06 March 2015 / 15:03:47  GRReporter
2011 reads

Anastasia Balezdrova

The firm refusal of the European Central Bank to provide liquidity to the Greek economy, unless Athens completes the monitoring of the current bailout programme and reaches a new agreement with its lenders, provoked confusion and reactions among the government.

As the Bank cut the hopes that it could allow Greece to issue new government bonds in order to secure funding for the coming weeks, now all expectations are focused on the Eurogroup meeting on Monday at which Minister of Finance Yanis Varoufakis will present a package of six specific proposals for reforms in order to achieve the completion of the monitoring of the rescue programme. Athens thus aims to obtain at least part of the last tranche under the programme that amounts to 7.2 billion euro.

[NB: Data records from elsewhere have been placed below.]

lemma computable_cong: "computable n f \<Longrightarrow> (\<And>xs. length xs = n \<Longrightarrow> f xs = g xs) \<Longrightarrow> computable n g"
  unfolding computable_def by metis

lemma computable_proj: "i < n \<Longrightarrow> computable n (\<lambda>xs. xs ! i)"
  using rf_proj recfn_computable by blast

lemma computable_map_recfn:
  assumes "\<forall>h\<in>set hs. computable n h"
  shows "\<exists>hs'. length hs' = length hs \<and> (\<forall>h\<in>set hs'. recfn n h) \<and>
     (\<forall>xs. length xs = n \<longrightarrow> map (\<lambda>h. h xs) hs' = map (\<lambda>h. h xs) hs)"
  using assms
proof (induction hs)
  case Nil
  then show ?case by auto
next
  case (Cons h hs)
  then obtain hs' where hs': "length hs' = length hs" "\<forall>h\<in>set hs'. recfn n h"
     "\<forall>xs. length xs = n \<longrightarrow> map (\<lambda>h. h xs) hs' = map (\<lambda>h. h xs) hs" by auto
  from Cons.prems obtain g where g: "recfn n g" "\<forall>xs. length xs = n \<longrightarrow> g xs = h xs"
    unfolding computable_def by auto
  show ?case using hs' g by (intro exI[of _ "g # hs'"]) auto
qed

lemma computable_comp:
  assumes "computable m g" "length hs = m" "\<forall>h\<in>set hs. computable n h"
  shows "computable n (\<lambda>xs. g (map (\<lambda>h. h xs) hs))"
proof -
  obtain hs' where hs': "length hs' = length hs" "\<forall>h\<in>set hs'. recfn n h"
     "\<forall>xs. length xs = n \<longrightarrow> map (\<lambda>h. h xs) hs' = map (\<lambda>h. h xs) hs"
    using computable_map_recfn[OF assms(3)] by blast
  obtain g' where g': "recfn m g'" "\<forall>xs. length xs = m \<longrightarrow> g' xs = g xs"
    using assms(1) unfolding computable_def by auto
  have "recfn n (\<lambda>xs. g' (map (\<lambda>h. h xs) hs'))"
    using rf_comp[OF g'(1)] hs' assms(2) by auto
  moreover have "\<forall>xs. length xs = n \<longrightarrow> g' (map (\<lambda>h. h xs) hs') = g (map (\<lambda>h. h xs) hs)"
  proof (intro allI impI)
    fix xs :: "nat list" assume xs: "length xs = n"
    then have "map (\<lambda>h. h xs) hs' = map (\<lambda>h. h xs) hs" using hs' by auto
    moreover have "length (map (\<lambda>h. h xs) hs) = m" using assms(2) by simp
    ultimately show "g' (map (\<lambda>h. h xs) hs') = g (map (\<lambda>h. h xs) hs)" using g' by simp
  qed
  ultimately show ?thesis unfolding computable_def by blast
qed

On the domestic political scene, however, the government continues to insist that the lenders are not fair to Greece. Deputy Prime Minister and one of the people in charge of the economic policy of the cabinet Yannis Dragasakis said that the statements by the President of the European Central Bank did not reflect the agreement reached at the Eurogroup meeting on 20 February. He insisted that it was the result of hard work and the government was expecting its results. Dragasakis added that the current negotiations with the lenders were focused on specifying the reforms stipulated in the document and that part of this "specification" would be presented at the next Eurogroup meeting on Monday.

At the same time, president of parliament Zoe Konstantopoulou urged SYRIZA MPs to oppose the agreement.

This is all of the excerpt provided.